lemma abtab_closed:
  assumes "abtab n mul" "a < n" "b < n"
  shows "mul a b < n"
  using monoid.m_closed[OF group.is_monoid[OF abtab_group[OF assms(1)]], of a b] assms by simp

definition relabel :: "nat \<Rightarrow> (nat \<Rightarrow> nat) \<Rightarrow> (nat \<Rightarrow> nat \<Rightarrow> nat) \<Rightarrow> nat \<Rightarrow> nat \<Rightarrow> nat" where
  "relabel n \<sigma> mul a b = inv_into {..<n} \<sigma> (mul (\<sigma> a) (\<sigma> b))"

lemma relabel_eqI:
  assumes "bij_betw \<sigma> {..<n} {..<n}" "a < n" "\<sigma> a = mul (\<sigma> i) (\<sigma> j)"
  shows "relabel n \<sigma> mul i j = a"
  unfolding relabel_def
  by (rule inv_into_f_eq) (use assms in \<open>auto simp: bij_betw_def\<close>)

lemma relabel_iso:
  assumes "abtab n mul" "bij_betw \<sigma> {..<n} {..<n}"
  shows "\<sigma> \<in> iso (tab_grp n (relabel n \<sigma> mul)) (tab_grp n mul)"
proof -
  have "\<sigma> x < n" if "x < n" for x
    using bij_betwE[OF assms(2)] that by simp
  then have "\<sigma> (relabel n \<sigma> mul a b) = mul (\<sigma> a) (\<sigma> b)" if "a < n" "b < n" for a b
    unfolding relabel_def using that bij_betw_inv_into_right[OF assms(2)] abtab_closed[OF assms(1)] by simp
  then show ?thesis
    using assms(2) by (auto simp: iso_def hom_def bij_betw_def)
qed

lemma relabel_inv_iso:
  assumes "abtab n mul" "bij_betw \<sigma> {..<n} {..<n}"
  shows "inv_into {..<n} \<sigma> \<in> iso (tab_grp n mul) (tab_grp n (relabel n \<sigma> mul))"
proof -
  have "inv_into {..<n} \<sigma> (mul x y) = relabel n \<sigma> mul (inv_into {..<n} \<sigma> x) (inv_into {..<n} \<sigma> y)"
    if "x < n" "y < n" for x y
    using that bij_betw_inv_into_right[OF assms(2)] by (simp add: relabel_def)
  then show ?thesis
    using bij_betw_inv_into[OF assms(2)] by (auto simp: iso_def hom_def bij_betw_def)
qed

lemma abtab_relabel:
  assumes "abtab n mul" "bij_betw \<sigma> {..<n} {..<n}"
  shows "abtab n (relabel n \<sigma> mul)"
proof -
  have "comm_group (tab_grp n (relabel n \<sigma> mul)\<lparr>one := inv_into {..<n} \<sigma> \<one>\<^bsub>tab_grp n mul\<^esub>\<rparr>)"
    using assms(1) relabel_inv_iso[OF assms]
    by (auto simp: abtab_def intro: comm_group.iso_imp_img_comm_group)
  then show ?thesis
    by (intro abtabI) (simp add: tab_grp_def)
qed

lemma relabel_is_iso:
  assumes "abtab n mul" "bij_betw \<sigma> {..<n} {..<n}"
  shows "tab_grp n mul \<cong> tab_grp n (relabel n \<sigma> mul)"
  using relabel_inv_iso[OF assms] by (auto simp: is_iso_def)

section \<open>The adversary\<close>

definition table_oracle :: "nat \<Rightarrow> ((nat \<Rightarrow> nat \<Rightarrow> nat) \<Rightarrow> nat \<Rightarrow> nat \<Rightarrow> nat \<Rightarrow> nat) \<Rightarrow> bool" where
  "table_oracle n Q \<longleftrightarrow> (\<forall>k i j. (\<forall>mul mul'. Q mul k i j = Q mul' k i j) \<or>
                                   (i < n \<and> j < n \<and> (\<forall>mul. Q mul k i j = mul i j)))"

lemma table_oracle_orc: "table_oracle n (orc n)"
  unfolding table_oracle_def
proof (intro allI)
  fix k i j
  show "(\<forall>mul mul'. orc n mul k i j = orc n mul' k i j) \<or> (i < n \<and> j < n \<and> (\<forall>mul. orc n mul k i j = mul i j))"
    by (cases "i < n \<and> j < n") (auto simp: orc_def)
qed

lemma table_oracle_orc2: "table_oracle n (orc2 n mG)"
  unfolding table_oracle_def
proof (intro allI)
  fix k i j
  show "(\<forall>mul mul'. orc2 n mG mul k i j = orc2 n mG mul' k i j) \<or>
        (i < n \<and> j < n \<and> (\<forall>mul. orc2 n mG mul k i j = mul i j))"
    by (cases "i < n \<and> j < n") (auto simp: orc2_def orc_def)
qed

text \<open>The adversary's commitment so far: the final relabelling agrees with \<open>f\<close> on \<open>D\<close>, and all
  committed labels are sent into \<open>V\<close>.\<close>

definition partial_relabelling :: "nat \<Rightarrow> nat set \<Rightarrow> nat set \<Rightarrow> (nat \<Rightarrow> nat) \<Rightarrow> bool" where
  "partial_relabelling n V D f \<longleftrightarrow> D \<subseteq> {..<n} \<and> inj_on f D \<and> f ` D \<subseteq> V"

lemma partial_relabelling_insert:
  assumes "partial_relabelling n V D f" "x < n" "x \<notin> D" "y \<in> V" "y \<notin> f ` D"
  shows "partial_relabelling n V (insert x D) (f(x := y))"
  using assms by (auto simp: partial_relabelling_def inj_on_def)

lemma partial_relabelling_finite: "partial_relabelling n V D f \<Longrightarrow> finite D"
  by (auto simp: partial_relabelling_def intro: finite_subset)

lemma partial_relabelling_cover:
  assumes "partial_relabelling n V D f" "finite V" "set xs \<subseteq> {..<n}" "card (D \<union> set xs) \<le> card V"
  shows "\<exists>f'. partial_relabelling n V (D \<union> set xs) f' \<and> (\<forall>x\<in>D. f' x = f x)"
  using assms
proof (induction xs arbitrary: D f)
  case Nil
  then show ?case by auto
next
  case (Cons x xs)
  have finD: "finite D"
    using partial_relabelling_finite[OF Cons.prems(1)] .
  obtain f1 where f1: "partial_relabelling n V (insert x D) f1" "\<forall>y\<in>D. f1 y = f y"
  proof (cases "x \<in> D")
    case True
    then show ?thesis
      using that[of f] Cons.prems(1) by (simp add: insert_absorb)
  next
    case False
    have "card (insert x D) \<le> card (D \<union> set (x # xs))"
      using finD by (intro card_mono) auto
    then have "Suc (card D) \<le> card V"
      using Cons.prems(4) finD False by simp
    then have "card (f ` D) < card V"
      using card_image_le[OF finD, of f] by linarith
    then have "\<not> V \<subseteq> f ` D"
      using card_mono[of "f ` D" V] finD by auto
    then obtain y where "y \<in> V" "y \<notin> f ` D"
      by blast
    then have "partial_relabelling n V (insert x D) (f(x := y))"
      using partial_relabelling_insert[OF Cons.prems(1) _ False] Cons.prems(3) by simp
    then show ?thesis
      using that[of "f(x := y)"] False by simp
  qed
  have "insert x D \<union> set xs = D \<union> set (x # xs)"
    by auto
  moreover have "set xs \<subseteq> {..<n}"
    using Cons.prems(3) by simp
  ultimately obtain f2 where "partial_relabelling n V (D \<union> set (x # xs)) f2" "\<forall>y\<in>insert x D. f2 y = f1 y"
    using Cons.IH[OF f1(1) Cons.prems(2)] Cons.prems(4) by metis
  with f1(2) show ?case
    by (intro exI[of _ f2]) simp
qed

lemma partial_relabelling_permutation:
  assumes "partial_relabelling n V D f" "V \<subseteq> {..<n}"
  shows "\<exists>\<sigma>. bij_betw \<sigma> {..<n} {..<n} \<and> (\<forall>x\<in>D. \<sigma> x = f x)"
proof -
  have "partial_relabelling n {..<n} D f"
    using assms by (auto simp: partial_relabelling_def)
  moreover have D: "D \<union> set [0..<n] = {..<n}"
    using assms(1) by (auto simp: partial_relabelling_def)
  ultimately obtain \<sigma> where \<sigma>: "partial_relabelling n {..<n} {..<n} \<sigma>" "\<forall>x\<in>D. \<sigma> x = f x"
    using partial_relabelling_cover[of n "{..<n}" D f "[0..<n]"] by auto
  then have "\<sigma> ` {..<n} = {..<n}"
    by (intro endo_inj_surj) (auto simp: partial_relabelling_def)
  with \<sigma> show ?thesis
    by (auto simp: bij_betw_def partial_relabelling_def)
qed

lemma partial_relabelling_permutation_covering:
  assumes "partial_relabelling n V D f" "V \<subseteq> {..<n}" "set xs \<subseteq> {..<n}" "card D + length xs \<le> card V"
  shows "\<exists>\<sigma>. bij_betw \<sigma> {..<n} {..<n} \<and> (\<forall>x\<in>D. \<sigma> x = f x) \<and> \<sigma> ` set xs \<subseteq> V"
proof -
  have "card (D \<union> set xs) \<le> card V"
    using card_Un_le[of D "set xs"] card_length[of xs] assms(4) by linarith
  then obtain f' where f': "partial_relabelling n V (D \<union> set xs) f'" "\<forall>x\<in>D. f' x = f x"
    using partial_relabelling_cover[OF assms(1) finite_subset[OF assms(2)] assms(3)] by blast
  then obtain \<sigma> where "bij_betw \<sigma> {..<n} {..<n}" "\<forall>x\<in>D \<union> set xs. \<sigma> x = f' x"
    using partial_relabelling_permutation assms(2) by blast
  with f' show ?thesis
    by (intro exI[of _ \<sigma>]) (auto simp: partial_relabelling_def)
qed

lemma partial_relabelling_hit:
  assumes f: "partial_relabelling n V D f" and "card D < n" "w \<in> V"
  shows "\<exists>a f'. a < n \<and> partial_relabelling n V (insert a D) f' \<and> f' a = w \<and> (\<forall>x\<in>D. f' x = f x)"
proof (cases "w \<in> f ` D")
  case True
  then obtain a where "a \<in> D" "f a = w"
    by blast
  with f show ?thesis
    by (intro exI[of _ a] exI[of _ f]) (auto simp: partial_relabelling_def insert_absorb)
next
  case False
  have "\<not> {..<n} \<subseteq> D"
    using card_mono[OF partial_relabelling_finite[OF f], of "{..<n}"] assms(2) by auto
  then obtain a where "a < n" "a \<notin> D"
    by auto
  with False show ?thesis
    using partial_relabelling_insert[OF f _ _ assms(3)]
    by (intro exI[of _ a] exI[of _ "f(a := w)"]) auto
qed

###

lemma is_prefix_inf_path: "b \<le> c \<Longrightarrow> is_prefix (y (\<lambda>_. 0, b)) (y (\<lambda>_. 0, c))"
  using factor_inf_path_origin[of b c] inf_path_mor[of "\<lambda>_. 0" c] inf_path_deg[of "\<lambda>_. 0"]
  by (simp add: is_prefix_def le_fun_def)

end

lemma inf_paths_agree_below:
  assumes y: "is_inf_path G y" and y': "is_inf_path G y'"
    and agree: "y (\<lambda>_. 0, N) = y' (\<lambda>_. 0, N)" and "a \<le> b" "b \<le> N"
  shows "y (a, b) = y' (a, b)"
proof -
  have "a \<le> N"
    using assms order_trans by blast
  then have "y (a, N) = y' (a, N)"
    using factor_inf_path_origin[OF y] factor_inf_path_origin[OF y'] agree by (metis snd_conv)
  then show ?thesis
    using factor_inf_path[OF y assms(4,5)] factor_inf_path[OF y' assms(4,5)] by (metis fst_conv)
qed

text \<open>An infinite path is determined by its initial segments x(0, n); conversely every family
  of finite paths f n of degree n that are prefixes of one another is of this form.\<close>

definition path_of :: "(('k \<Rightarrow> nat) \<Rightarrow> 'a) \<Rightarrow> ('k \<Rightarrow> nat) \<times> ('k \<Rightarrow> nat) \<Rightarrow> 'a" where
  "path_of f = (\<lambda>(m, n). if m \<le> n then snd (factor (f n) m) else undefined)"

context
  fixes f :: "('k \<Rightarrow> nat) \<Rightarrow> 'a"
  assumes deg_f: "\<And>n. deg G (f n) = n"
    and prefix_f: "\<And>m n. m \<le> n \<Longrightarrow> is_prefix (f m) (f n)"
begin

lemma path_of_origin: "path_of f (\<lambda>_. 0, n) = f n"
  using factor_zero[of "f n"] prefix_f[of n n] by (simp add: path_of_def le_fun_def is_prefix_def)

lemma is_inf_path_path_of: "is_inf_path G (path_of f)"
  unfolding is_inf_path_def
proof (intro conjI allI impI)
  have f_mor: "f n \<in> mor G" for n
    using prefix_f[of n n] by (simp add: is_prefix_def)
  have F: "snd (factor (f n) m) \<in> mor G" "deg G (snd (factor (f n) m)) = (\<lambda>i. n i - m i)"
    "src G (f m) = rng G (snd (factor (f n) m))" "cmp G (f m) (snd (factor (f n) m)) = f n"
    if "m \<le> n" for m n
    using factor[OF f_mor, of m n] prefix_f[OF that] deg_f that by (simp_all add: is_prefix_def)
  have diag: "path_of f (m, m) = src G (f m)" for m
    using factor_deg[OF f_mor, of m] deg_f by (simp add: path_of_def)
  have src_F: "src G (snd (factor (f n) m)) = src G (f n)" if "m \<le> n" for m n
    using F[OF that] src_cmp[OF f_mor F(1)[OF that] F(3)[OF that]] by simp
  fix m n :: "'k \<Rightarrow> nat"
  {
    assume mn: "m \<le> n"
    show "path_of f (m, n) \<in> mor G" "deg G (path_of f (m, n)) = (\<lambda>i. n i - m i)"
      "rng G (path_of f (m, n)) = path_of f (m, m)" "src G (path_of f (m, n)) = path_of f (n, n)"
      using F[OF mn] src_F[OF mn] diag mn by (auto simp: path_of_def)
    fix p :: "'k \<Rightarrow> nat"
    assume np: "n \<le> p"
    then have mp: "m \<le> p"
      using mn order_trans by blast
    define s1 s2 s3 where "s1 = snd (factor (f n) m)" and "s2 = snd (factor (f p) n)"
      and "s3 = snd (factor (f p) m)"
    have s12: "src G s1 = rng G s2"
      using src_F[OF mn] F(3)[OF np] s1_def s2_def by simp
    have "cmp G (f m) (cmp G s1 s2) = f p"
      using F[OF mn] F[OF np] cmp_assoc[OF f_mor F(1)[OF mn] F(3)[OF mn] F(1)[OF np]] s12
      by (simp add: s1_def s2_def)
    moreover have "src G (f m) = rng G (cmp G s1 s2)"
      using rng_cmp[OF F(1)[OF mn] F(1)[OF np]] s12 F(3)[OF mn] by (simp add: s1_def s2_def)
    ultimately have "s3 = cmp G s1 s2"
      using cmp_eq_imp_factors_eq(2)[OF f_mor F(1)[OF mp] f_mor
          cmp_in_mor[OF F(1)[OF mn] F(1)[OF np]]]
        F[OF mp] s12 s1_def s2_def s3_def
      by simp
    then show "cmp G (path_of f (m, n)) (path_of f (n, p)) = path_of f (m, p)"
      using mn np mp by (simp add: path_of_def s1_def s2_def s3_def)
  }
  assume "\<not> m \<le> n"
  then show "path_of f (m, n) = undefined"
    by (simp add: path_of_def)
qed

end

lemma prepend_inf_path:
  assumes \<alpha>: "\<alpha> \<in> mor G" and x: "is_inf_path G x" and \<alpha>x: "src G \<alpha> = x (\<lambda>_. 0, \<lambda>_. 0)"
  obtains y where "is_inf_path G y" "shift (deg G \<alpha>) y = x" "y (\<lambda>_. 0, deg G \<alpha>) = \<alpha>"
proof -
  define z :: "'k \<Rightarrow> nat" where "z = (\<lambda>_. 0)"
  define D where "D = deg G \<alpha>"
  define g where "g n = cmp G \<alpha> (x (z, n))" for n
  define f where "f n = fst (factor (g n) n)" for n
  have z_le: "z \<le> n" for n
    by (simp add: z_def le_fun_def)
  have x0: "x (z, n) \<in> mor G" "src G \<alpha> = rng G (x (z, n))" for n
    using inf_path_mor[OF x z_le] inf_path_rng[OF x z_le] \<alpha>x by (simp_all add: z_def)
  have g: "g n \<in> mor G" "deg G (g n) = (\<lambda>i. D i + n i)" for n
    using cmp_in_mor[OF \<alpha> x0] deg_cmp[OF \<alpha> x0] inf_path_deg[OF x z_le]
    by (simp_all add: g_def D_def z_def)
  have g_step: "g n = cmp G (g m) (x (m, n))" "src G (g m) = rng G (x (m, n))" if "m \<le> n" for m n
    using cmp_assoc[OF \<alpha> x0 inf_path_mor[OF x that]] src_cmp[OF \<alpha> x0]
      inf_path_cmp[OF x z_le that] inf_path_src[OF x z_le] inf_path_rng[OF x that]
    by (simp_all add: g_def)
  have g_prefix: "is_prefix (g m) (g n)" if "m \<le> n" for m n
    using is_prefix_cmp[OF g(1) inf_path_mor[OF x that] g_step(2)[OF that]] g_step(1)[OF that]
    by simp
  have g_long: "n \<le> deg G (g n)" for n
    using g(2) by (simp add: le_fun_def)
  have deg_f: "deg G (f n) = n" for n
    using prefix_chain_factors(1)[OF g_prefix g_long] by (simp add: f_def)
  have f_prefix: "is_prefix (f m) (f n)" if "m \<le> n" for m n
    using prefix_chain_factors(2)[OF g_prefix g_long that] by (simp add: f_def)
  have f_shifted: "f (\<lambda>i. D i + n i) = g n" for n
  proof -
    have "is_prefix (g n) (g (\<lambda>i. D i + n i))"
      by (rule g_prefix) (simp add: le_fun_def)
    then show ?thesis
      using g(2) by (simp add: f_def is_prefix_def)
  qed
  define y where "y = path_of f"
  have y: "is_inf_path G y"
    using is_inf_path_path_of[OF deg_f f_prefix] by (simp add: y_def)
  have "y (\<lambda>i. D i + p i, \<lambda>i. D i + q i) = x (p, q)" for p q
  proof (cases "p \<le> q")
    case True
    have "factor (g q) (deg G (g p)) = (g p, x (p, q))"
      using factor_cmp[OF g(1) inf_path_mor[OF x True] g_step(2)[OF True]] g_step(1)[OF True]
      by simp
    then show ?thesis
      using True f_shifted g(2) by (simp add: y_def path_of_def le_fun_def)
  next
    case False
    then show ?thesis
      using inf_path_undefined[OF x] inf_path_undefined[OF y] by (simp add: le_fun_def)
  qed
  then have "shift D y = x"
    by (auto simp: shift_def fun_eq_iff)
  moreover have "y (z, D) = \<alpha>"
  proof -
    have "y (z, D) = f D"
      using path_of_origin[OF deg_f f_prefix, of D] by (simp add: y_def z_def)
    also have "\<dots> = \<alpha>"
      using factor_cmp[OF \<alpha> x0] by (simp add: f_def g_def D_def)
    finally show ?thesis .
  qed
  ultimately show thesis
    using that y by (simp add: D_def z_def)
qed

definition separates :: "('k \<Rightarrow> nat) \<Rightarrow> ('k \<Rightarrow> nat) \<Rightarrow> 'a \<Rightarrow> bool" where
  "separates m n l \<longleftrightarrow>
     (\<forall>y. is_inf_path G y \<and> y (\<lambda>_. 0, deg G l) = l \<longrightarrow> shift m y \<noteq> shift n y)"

###

### Task
In the entries above, how many lines hold the word "exists"? Answer with the number only.

### Output for this exercise
4